I follow your argument, and it is what I had in mind when I was responding to you earlier. If approximating π∗(ot) within the constraints requires computing f(ot), then any policy that approximates π∗ must compute f(ot). (Assuming appropriate constraints that preclude the policy from being a lookup table precomputed by SGD; not sure if that’s what you meant by “other similar”, though this may be trickier to do formally than we take it to be).
My point is that for f = ‘learning’, I can’t see how anything I would call learning could meaningfully happen inside a single timestep. ‘Learning’ in my head is something that suggests non-ephemeral change; and any lasting change has to feed into the agent’s next state, by which point SGD would have had its chance to make the same change.

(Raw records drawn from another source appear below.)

(* Let $G = [V_1]H_1 \times \dots \times [V_n]H_n$ be a direct product of type 1 primitive groups $[V_i]H_i$ such that $|H_i| > |V_i|$ for each $i$. Then $G$ has Property A.
   Context: All groups are finite. A type 1 primitive group is a semidirect product $[V]H$ where $V$ is a non-trivial finite vector space over a field of prime order (an elementary abelian group) and $H$ is a subgroup of $\mathrm{Aut}(V)$ acting irreducibly on $V$, with the natural action. A group $G$ has Property A if for every non-trivial abelian normal subgroup $A$ of $G$, $|G/C_G(A)| > |A|$. *)

theory Defs
  imports "HOL-Algebra.Algebra"
begin

text \<open>A finite elementary abelian p-group, i.e. a non-trivial finite vector space over the
  prime field F_p, viewed as an additive (here: multiplicatively written) group.\<close>
definition elementary_abelian :: "('a, 'b) monoid_scheme \<Rightarrow> bool" where
  "elementary_abelian V \<longleftrightarrow> comm_group V \<and> finite (carrier V) \<and> carrier V \<noteq> {\<one>\<^bsub>V\<^esub>} \<and>
     (\<exists>p::nat. Factorial_Ring.prime p \<and> (\<forall>x\<in>carrier V. x [^]\<^bsub>V\<^esub> p = \<one>\<^bsub>V\<^esub>))"

text \<open>H (a subgroup of Aut(V), given by its set of automorphisms) acts irreducibly on V:
  the only H-invariant subgroups (= F_p-subspaces) are trivial and V.\<close>
definition acts_irreducibly :: "('a, 'b) monoid_scheme \<Rightarrow> ('a \<Rightarrow> 'a) set \<Rightarrow> bool" where
  "acts_irreducibly V H \<longleftrightarrow>
     (\<forall>W. subgroup W V \<and> (\<forall>h\<in>H. h ` W \<subseteq> W) \<longrightarrow> W = {\<one>\<^bsub>V\<^esub>} \<or> W = carrier V)"

definition semidirect :: "('a, 'b) monoid_scheme \<Rightarrow> ('a \<Rightarrow> 'a) set \<Rightarrow> ('a \<times> ('a \<Rightarrow> 'a)) monoid" where
  "semidirect V H = \<lparr>carrier = carrier V \<times> H,
     monoid.mult = (\<lambda>(v, h) (w, k). (v \<otimes>\<^bsub>V\<^esub> h w, compose (carrier V) h k)),
     one = (\<one>\<^bsub>V\<^esub>, restrict id (carrier V))\<rparr>"

definition type1_primitive_data :: "('a, 'b) monoid_scheme \<Rightarrow> ('a \<Rightarrow> 'a) set \<Rightarrow> bool" where
  "type1_primitive_data V H \<longleftrightarrow> elementary_abelian V \<and> subgroup H (AutoGroup V) \<and>
     acts_irreducibly V H"

definition centralizer :: "('a, 'b) monoid_scheme \<Rightarrow> 'a set \<Rightarrow> 'a set" where
  "centralizer G A = {g \<in> carrier G. \<forall>a\<in>A. g \<otimes>\<^bsub>G\<^esub> a = a \<otimes>\<^bsub>G\<^esub> g}"

definition property_A :: "('a, 'b) monoid_scheme \<Rightarrow> bool" where
  "property_A G \<longleftrightarrow> (\<forall>A. A \<lhd> G \<and> (\<forall>x\<in>A. \<forall>y\<in>A. x \<otimes>\<^bsub>G\<^esub> y = y \<otimes>\<^bsub>G\<^esub> x) \<and> A \<noteq> {\<one>\<^bsub>G\<^esub>}
       \<longrightarrow> order (G Mod centralizer G A) > card A)"

end

theory Submission
  imports Defs
begin

text \<open>
  Since |G : C_G(A)| |C_G(A)| = |G|, Property A for a finite group G says |C_G(A)| |A| < |G| for
  every non-trivial abelian normal subgroup A. This bound passes to finite direct products:
  A and C_G(A) embed into the products of the projections A_i and of their
  centralizers, each factor satisfies |C(A_i)| |A_i| \<le> |G_i|, and the inequality is strict in
  a coordinate where A_i is non-trivial.

  For [V]H with H irreducible on V, the elements of V contained in an abelian normal subgroup N
  form an H-invariant subspace, hence either 1 or V. In the first case [V, N] \<subseteq> N \<inter> V = 1,
  in the second N \<supseteq> V is abelian; either way N centralizes V, which forces N \<subseteq> V. If N \<noteq> 1
  we are in the second case, so C(N) \<subseteq> C(V) = V. Thus |C(N)| |N| \<le> |V|^2 < |V| |H|.
\<close>

lemma (in group) commutator_eq_one_imp_commute:
  assumes "x \<in> carrier G" "y \<in> carrier G" "x \<otimes> y \<otimes> inv x \<otimes> inv y = \<one>"
  shows "x \<otimes> y = y \<otimes> x"
  using assms by (simp add: inv_solve_right')

lemma centralizer_subgroup:
  fixes G (structure)
  assumes "group G" and "Y \<subseteq> carrier G"
  shows "subgroup (centralizer G Y) G"
proof -
  interpret group G by (rule assms(1))
  show ?thesis
  proof
    show "centralizer G Y \<subseteq> carrier G" by (auto simp: centralizer_def)
  next
    fix g h assume g: "g \<in> centralizer G Y" and h: "h \<in> centralizer G Y"
    have "g \<otimes> h \<otimes> a = a \<otimes> (g \<otimes> h)" if "a \<in> Y" for a
    proof -
      have "a \<in> carrier G" "g \<in> carrier G" "h \<in> carrier G"
        using that assms(2) g h by (auto simp: centralizer_def)
      moreover have "g \<otimes> a = a \<otimes> g" "h \<otimes> a = a \<otimes> h" using g h that by (auto simp: centralizer_def)
      ultimately show ?thesis by (metis m_assoc)
    qed
    then show "g \<otimes> h \<in> centralizer G Y" using g h by (auto simp: centralizer_def)
  next
    show "\<one> \<in> centralizer G Y" using assms(2) by (auto simp: centralizer_def)
  next
    fix g assume g: "g \<in> centralizer G Y"
    have "inv g \<otimes> a = a \<otimes> inv g" if "a \<in> Y" for a
    proof -
      have "a \<in> carrier G" "g \<in> carrier G" using that assms(2) g by (auto simp: centralizer_def)
      moreover have "g \<otimes> a = a \<otimes> g" using g that by (simp add: centralizer_def)
      ultimately have "inv g \<otimes> a = inv g \<otimes> (a \<otimes> g) \<otimes> inv g"
        by (simp add: m_assoc)
      also have "\<dots> = inv g \<otimes> (g \<otimes> a) \<otimes> inv g" using \<open>g \<otimes> a = a \<otimes> g\<close> by simp
      also have "\<dots> = a \<otimes> inv g" using \<open>a \<in> carrier G\<close> \<open>g \<in> carrier G\<close> by (simp flip: m_assoc)
      finally show ?thesis .
    qed
    then show "inv g \<in> centralizer G Y" using g by (auto simp: centralizer_def)
  qed
qed

lemma (in group) property_A_iff_card_centralizer:
  assumes "finite (carrier G)"
  shows "property_A G \<longleftrightarrow> (\<forall>A. A \<lhd> G \<and> (\<forall>x\<in>A. \<forall>y\<in>A. x \<otimes> y = y \<otimes> x) \<and> A \<noteq> {\<one>}
           \<longrightarrow> card (centralizer G A) * card A < order G)"
proof -
  have "card A < order (G Mod centralizer G A) \<longleftrightarrow> card (centralizer G A) * card A < order G"
    if "A \<lhd> G" for A
  proof -
    have C: "subgroup (centralizer G A) G"
      using centralizer_subgroup[OF is_group normal_imp_subgroup[OF that, THEN subgroup.subset]] .
    then have "0 < card (centralizer G A)"
      using assms finite_subset[OF subgroup.subset] subgroup.one_closed card_gt_0_iff by blast
    moreover have "order (G Mod centralizer G A) * card (centralizer G A) = order G"
      using lagrange[OF C] by (simp add: FactGroup_def order_def)
    ultimately show ?thesis by (metis mult.commute mult_less_mono2 nat_mult_less_cancel_disj)
  qed
  then show ?thesis unfolding property_A_def by blast
qed

lemma (in group) property_A_card_centralizer_le:
  assumes "finite (carrier G)" "property_A G" "A \<lhd> G" "\<forall>x\<in>A. \<forall>y\<in>A. x \<otimes> y = y \<otimes> x"
  shows "card (centralizer G A) * card A \<le> order G"
proof (cases "A = {\<one>}")
  case True
  then have "centralizer G A = carrier G" by (auto simp: centralizer_def)
  with True show ?thesis by (simp add: order_def)
next
  case False
  with assms show ?thesis by (simp add: property_A_iff_card_centralizer less_imp_le)
qed

lemma normal_projection_product_group:
  assumes groups: "\<And>i. i \<in> I \<Longrightarrow> group (G i)"
    and A: "A \<lhd> product_group I G" and i: "i \<in> I"
  shows "(\<lambda>f. f i) ` A \<lhd> G i"
proof (rule normal.surj_hom_normal_subgroup[OF A])
  show "group_hom (product_group I G) (G i) (\<lambda>f. f i)"
    using groups i by (auto simp: group_hom_def group_hom_axioms_def hom_def)
  show "(\<lambda>f. f i) ` carrier (product_group I G) = carrier (G i)"
  proof (intro equalityI subsetI)
    fix x assume x: "x \<in> carrier (G i)"
    have "(\<lambda>j\<in>I. if j = i then x else \<one>\<^bsub>G j\<^esub>) \<in> carrier (product_group I G)"
      using x groups by (auto simp: monoid.one_closed group.is_monoid)
    then show "x \<in> (\<lambda>f. f i) ` carrier (product_group I G)"
      using i by (auto intro!: image_eqI[where x = "\<lambda>j\<in>I. if j = i then x else \<one>\<^bsub>G j\<^esub>"])
  qed (use i in auto)
qed

lemma centralizer_product_group_subset:
  assumes "A \<subseteq> carrier (product_group I G)"
  shows "centralizer (product_group I G) A \<subseteq> (\<Pi>\<^sub>E i\<in>I. centralizer (G i) ((\<lambda>f. f i) ` A))"
proof
  fix g assume g: "g \<in> centralizer (product_group I G) A"
  have "g i \<otimes>\<^bsub>G i\<^esub> f i = f i \<otimes>\<^bsub>G i\<^esub> g i" if "i \<in> I" "f \<in> A" for i f
  proof -
    have "(\<lambda>i\<in>I. g i \<otimes>\<^bsub>G i\<^esub> f i) = (\<lambda>i\<in>I. f i \<otimes>\<^bsub>G i\<^esub> g i)"
      using g that by (auto simp: centralizer_def)
    from fun_cong[OF this, of i] show ?thesis using that by simp
  qed
  then show "g \<in> (\<Pi>\<^sub>E i\<in>I. centralizer (G i) ((\<lambda>f. f i) ` A))"
    using g by (auto simp: centralizer_def)
qed

theorem property_A_product_group:
  assumes "finite I"
    and groups: "\<And>i. i \<in> I \<Longrightarrow> group (G i)"
    and finite: "\<And>i. i \<in> I \<Longrightarrow> finite (carrier (G i))"
    and property_A: "\<And>i. i \<in> I \<Longrightarrow> property_A (G i)"
  shows "property_A (product_group I G)"
proof -
  let ?G = "product_group I G"
  interpret group ?G using groups by simp
  have finite_G: "finite (carrier ?G)" using assms(1) finite by (simp add: finite_PiE)
  have "card (centralizer ?G A) * card A < order ?G"
    if A: "A \<lhd> ?G" and abelian: "\<forall>x\<in>A. \<forall>y\<in>A. x \<otimes>\<^bsub>?G\<^esub> y = y \<otimes>\<^bsub>?G\<^esub> x"
      and nontrivial: "A \<noteq> {\<one>\<^bsub>?G\<^esub>}" for A
  proof -
    define A\<^sub>i where "A\<^sub>i i = (\<lambda>f. f i) ` A" for i
    define C\<^sub>i where "C\<^sub>i i = centralizer (G i) (A\<^sub>i i)" for i
    have A_carrier: "A \<subseteq> carrier ?G" using A normal_imp_subgroup subgroup.subset by blast
    have normal_i: "A\<^sub>i i \<lhd> G i" if "i \<in> I" for i
      unfolding A\<^sub>i_def using groups A that by (rule normal_projection_product_group)
    have abelian_i: "\<forall>x\<in>A\<^sub>i i. \<forall>y\<in>A\<^sub>i i. x \<otimes>\<^bsub>G i\<^esub> y = y \<otimes>\<^bsub>G i\<^esub> x" if "i \<in> I" for i
      using abelian that unfolding A\<^sub>i_def by (fastforce dest!: fun_cong[where x = i])
    have bound_i: "card (C\<^sub>i i) * card (A\<^sub>i i) \<le> card (carrier (G i))" if "i \<in> I" for i
      using group.property_A_card_centralizer_le[OF groups finite property_A normal_i abelian_i] that
      by (simp add: C\<^sub>i_def order_def)
    obtain f where f: "f \<in> A" "f \<noteq> \<one>\<^bsub>?G\<^esub>"
      using nontrivial normal_imp_subgroup[OF A, THEN subgroup.one_closed] by blast
    have "\<exists>j\<in>I. f j \<noteq> \<one>\<^bsub>G j\<^esub>"
    proof (rule ccontr)
      assume "\<not> (\<exists>j\<in>I. f j \<noteq> \<one>\<^bsub>G j\<^esub>)"
      then have "f = \<one>\<^bsub>?G\<^esub>"
        using f(1) A_carrier one_closed by (intro PiE_ext[of f I "\<lambda>i. carrier (G i)"]) auto
      with f(2) show False ..
    qed
    then obtain j where j: "j \<in> I" "f j \<noteq> \<one>\<^bsub>G j\<^esub>" by blast
    have "A\<^sub>i j \<noteq> {\<one>\<^bsub>G j\<^esub>}" using f j by (auto simp: A\<^sub>i_def)
    then have strict_j: "card (C\<^sub>i j) * card (A\<^sub>i j) < card (carrier (G j))"
      using group.property_A_iff_card_centralizer[OF groups[OF j(1)] finite[OF j(1)]]
        property_A[OF j(1)] normal_i[OF j(1)] abelian_i[OF j(1)]
      unfolding C\<^sub>i_def order_def by blast
    have finite_C\<^sub>i: "finite (C\<^sub>i i)" if "i \<in> I" for i
      using finite[OF that] by (rule rev_finite_subset) (auto simp: C\<^sub>i_def centralizer_def)
    have finite_A\<^sub>i: "finite (A\<^sub>i i)" for i
      using finite_G A_carrier finite_subset unfolding A\<^sub>i_def by blast
    have A_subset: "A \<subseteq> (\<Pi>\<^sub>E i\<in>I. A\<^sub>i i)"
    proof
      fix f assume "f \<in> A"
      then show "f \<in> (\<Pi>\<^sub>E i\<in>I. A\<^sub>i i)" using A_carrier by (auto simp: A\<^sub>i_def PiE_def)
    qed
    have "card (centralizer ?G A) \<le> (\<Prod>i\<in>I. card (C\<^sub>i i))"
      using card_mono[OF finite_PiE[where T = C\<^sub>i, OF assms(1) finite_C\<^sub>i]
          centralizer_product_group_subset[OF A_carrier, folded A\<^sub>i_def C\<^sub>i_def]]
      by (simp add: card_PiE assms(1))
    moreover have "card A \<le> (\<Prod>i\<in>I. card (A\<^sub>i i))"
      using card_mono[OF finite_PiE[where T = A\<^sub>i, OF assms(1) finite_A\<^sub>i] A_subset]
      by (simp add: card_PiE assms(1))
    ultimately have "card (centralizer ?G A) * card A \<le> (\<Prod>i\<in>I. card (C\<^sub>i i) * card (A\<^sub>i i))"
      by (simp add: prod.distrib mult_le_mono)
    also have "\<dots> < (\<Prod>i\<in>I. card (carrier (G i)))"
    proof (rule prod_mono_strict[where i = j])
      show "0 < card (carrier (G i))" if "i \<in> I" for i
        using monoid.order_gt_0_iff_finite[OF group.is_monoid[OF groups]] finite that
        unfolding order_def by blast
    qed (use j strict_j bound_i assms(1) in auto)
    finally show ?thesis using assms(1) by (simp add: order_def card_PiE)
  qed
  then show ?thesis using property_A_iff_card_centralizer[OF finite_G] by blast
qed

lemma carrier_semidirect [simp]: "carrier (semidirect V H) = carrier V \<times> H"
  by (simp add: semidirect_def)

Could you give an example of what you mean (this is partially why I wanted to taboo learning)? Or, could you give an example of a task that would require learning in this way? (Note the within-timestep restriction; without that I grant you that there are tasks that require learning).
How about language modeling? I think that the task of predicting what a human will say next given some prompt requires learning in a pretty meaningful way, as it requires the model to be able to learn from the prompt what the human is trying to do and then do that.
Good point—I think I wasn’t thinking deeply enough about language modelling. I certainly agree that the model has to learn in the colloquial sense, especially if it’s doing something really impressive that isn’t well-explained by interpolating on dataset examples—I’m imagining giving GPT-X some new mathematical definitions and asking it to make novel proofs.
I think my confusion was rooted in the fact that you were replying to a section that dealt specifically with learning an inner RL algorithm, and the above sense of ‘learning’ is a bit different from that one. ‘Learning’ in your sense can be required for a task without requiring an inner RL algorithm; or at least, whether it does isn’t clear to me a priori.